▶ **What the task asks**
Among the entries, which lines carry the string "using"? Copy each of them.

▶ **Supplied material**

(* Let $\delta_1,\delta_2>0$, $0<\lambda<\tfrac12$, $0<\alpha_1<1-2\lambda$ and $1-2\lambda<\alpha_2<1$, and consider the ODEs on $\mathbb{R}^3_+=\{(x_1,x_2,s):x_1,x_2,s>0\}$ $$\dot x_j=\delta_j\frac{s-\lambda}{s+\alpha_j}x_j\ (j=1,2),\qquad \dot s=s(1-s)-\frac{s}{s+\alpha_1}x_1-\frac{s}{s+\alpha_2}x_2.$$ These possess the line of equilibria $L=\{(x_1,x_2,\lambda)\in\mathbb{R}^3_+: \frac{x_1}{\lambda+\alpha_1}+\frac{x_2}{\lambda+\alpha_2}=1-\lambda\}$. Then the point $$X_H=\left(\frac{(\lambda+\alpha_1)^2(2\lambda+\alpha_2-1)}{\alpha_2-\alpha_1},\ \frac{(\lambda+\alpha_2)^2(1-2\lambda-\alpha_1)}{\alpha_2-\alpha_1},\ \lambda\right)\in L$$ is an elliptic Hopf point.
   Context: A point $X_H$ on a line of equilibria $L$ of a smooth 3-dimensional ODE is a Hopf point if, after an affine linear change of coordinates $X=(y,z)\in\mathbb{R}^2\times\mathbb{R}$ placing $X_H$ at the origin and $L$ on $\{y=0\}$, the vector field $F=(f^y,f^z)$ satisfies $F(0,z)=0$ for all $z$, its Jacobian at the origin is $\begin{pmatrix}0&-\omega&0\\ \omega&0&0\\0&0&0\end{pmatrix}$ for some $\omega>0$, and $\partial_z(\partial_{y_1}f^{y_1}+\partial_{y_2}f^{y_2})(0,0)\neq0$. It is called elliptic if in addition $\Delta_yf^z(0,0)\neq0$ (with $\Delta_y=\partial_{y_1}^2+\partial_{y_2}^2$) and the discriminant $\xi=\mathrm{sign}\big(\partial_z(\partial_{y_1}f^{y_1}+\partial_{y_2}f^{y_2})(0,0)\cdot\Delta_yf^z(0,0)\big)$ equals $-1$ (hyperbolic if $\xi=1$). *)

theory Defs
  imports "HOL-Analysis.Analysis"
begin

definition dpart :: "3 \<Rightarrow> (real^3 \<Rightarrow> real) \<Rightarrow> real^3 \<Rightarrow> real" where
  "dpart i f u = deriv (\<lambda>t. f (u + t *\<^sub>R axis i 1)) 0"

fun ipart :: "3 list \<Rightarrow> (real^3 \<Rightarrow> real) \<Rightarrow> real^3 \<Rightarrow> real" where
  "ipart [] f = f"
| "ipart (i # is) f = dpart i (ipart is f)"

definition smooth_on :: "(real^3) set \<Rightarrow> (real^3 \<Rightarrow> real) \<Rightarrow> bool" where
  "smooth_on D f \<longleftrightarrow> open D \<and>
     (\<forall>is. continuous_on D (ipart is f)) \<and>
     (\<forall>is i. \<forall>u\<in>D. (\<lambda>t. ipart is f (u + t *\<^sub>R axis i 1)) differentiable (at 0))"

definition smooth_field_on :: "(real^3) set \<Rightarrow> (real^3 \<Rightarrow> real^3) \<Rightarrow> bool" where
  "smooth_field_on D F \<longleftrightarrow> (\<forall>k. smooth_on D (\<lambda>u. F u $ k))"

(* Vector field in the new coordinates u = (y1,y2,z), where X = A u + X0 *)
definition transf :: "real^3^3 \<Rightarrow> real^3 \<Rightarrow> (real^3 \<Rightarrow> real^3) \<Rightarrow> real^3 \<Rightarrow> real^3" where
  "transf A X0 F = (\<lambda>u. matrix_inv A *v F (A *v u + X0))"

definition hopf_jac :: "real \<Rightarrow> real^3^3" where
  "hopf_jac \<omega> = vector [vector [0, -\<omega>, 0], vector [\<omega>, 0, 0], vector [0, 0, 0]]"

definition hopf_coords ::
  "(real^3) set \<Rightarrow> (real^3 \<Rightarrow> real^3) \<Rightarrow> (real^3) set \<Rightarrow> real^3 \<Rightarrow> real^3^3 \<Rightarrow> real \<Rightarrow> bool" where
  "hopf_coords D F L X0 A \<omega> \<longleftrightarrow>
     smooth_field_on D F \<and> L \<subseteq> D \<and> (\<forall>Y\<in>L. F Y = 0) \<and> X0 \<in> L \<and>
     invertible A \<and> \<omega> > 0 \<and>
     L \<subseteq> {A *v u + X0 | u. u $ 1 = 0 \<and> u $ 2 = 0} \<and>
     (\<forall>u. u $ 1 = 0 \<and> u $ 2 = 0 \<longrightarrow> transf A X0 F u = 0) \<and>
     (\<forall>i j. dpart j (\<lambda>u. transf A X0 F u $ i) 0 = hopf_jac \<omega> $ i $ j) \<and>
     ipart [3, 1] (\<lambda>u. transf A X0 F u $ 1) 0 + ipart [3, 2] (\<lambda>u. transf A X0 F u $ 2) 0 \<noteq> 0"

definition hopf_point ::
  "(real^3) set \<Rightarrow> (real^3 \<Rightarrow> real^3) \<Rightarrow> (real^3) set \<Rightarrow> real^3 \<Rightarrow> bool" where
  "hopf_point D F L X0 \<longleftrightarrow> (\<exists>A \<omega>. hopf_coords D F L X0 A \<omega>)"

definition elliptic_hopf_point ::
  "(real^3) set \<Rightarrow> (real^3 \<Rightarrow> real^3) \<Rightarrow> (real^3) set \<Rightarrow> real^3 \<Rightarrow> bool" where
  "elliptic_hopf_point D F L X0 \<longleftrightarrow> (\<exists>A \<omega>. hopf_coords D F L X0 A \<omega> \<and>
     (let G = transf A X0 F;
          a = ipart [3, 1] (\<lambda>u. G u $ 1) 0 + ipart [3, 2] (\<lambda>u. G u $ 2) 0;
          b = ipart [1, 1] (\<lambda>u. G u $ 3) 0 + ipart [2, 2] (\<lambda>u. G u $ 3) 0
      in b \<noteq> 0 \<and> sgn (a * b) = -1))"

definition pos3 :: "(real^3) set" where
  "pos3 = {X. X $ 1 > 0 \<and> X $ 2 > 0 \<and> X $ 3 > 0}"

definition chemo_F :: "real \<Rightarrow> real \<Rightarrow> real \<Rightarrow> real \<Rightarrow> real \<Rightarrow> real^3 \<Rightarrow> real^3" where
  "chemo_F d1 d2 lam a1 a2 = (\<lambda>X. vector
     [d1 * (X $ 3 - lam) / (X $ 3 + a1) * X $ 1,
      d2 * (X $ 3 - lam) / (X $ 3 + a2) * X $ 2,
      X $ 3 * (1 - X $ 3) - X $ 3 / (X $ 3 + a1) * X $ 1 - X $ 3 / (X $ 3 + a2) * X $ 2])"

definition chemo_L :: "real \<Rightarrow> real \<Rightarrow> real \<Rightarrow> (real^3) set" where
  "chemo_L lam a1 a2 = {X \<in> pos3. X $ 3 = lam \<and> X $ 1 / (lam + a1) + X $ 2 / (lam + a2) = 1 - lam}"

end

theory Submission
  imports Defs
begin

(* At X_H = (x1, x2, lam) the Jacobian of F is [[0,0,p1],[0,0,p2],[-lam/k1,-lam/k2,0]], where
   k_j = lam + a_j and p_j = d_j x_j / k_j; its (s,s)-entry vanishes precisely because of the
   choice of X_H on L. The kernel is spanned by the direction (k1,-k2,0) of L, and on the plane
   spanned by (0,0,1) and (p1,p2,0) the Jacobian is a rotation with frequency w, where
   w^2 = lam (p1/k1 + p2/k2). In the coordinates X = A u + X_H adapted to this splitting the
   Jacobian is in Hopf normal form, and a direct computation gives
   d_z (div_y) = lam/k1 - lam/k2  and  Laplace_y f^z = -2 w^2 p1 p2 (1/k1 - 1/k2) / (p2 k1 + p1 k2).
   Both signs are decided by k1 < k2, i.e. a1 < a2, so the discriminant is -1. Smoothness holds
   because F is rational with denominators s + a_j > 0 on the positive octant. *)

inductive rational_fun_on :: "(real^3) set \<Rightarrow> (real^3 \<Rightarrow> real) \<Rightarrow> bool" for D where
  rational_const: "rational_fun_on D (\<lambda>u. c)"
| rational_coord: "rational_fun_on D (\<lambda>u. u $ k)"
| rational_add: "rational_fun_on D f \<Longrightarrow> rational_fun_on D g \<Longrightarrow> rational_fun_on D (\<lambda>u. f u + g u)"
| rational_mult: "rational_fun_on D f \<Longrightarrow> rational_fun_on D g \<Longrightarrow> rational_fun_on D (\<lambda>u. f u * g u)"
| rational_inverse: "rational_fun_on D f \<Longrightarrow> (\<forall>u\<in>D. f u \<noteq> 0) \<Longrightarrow> rational_fun_on D (\<lambda>u. inverse (f u))"
| rational_cong: "rational_fun_on D f \<Longrightarrow> (\<forall>u\<in>D. f u = g u) \<Longrightarrow> rational_fun_on D g"

lemma rational_fun_on_diff:
  assumes "rational_fun_on D f" "rational_fun_on D g"
  shows "rational_fun_on D (\<lambda>u. f u - g u)"
proof -
  have "rational_fun_on D (\<lambda>u. f u + (-1) * g u)"
    using assms by (intro rational_add rational_mult[OF rational_const])
  then show ?thesis by (rule rational_cong) simp
qed

lemma rational_fun_on_divide:
  assumes "rational_fun_on D f" "rational_fun_on D g" "\<forall>u\<in>D. g u \<noteq> 0"
  shows "rational_fun_on D (\<lambda>u. f u / g u)"
proof -
  have "rational_fun_on D (\<lambda>u. f u * inverse (g u))"
    using assms by (intro rational_mult rational_inverse)
  then show ?thesis by (rule rational_cong) (simp add: divide_inverse)
qed

lemma continuous_on_rational_fun: "rational_fun_on D f \<Longrightarrow> continuous_on D f"
proof (induction rule: rational_fun_on.induct)
  case (rational_cong f g)
  then show ?case using continuous_on_cong by blast
qed (auto intro!: continuous_intros)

▶ **Exercise result**
    using assms by (intro rational_add rational_mult[OF rational_const])
    using assms by (intro rational_mult rational_inverse)
  then show ?case using continuous_on_cong by blast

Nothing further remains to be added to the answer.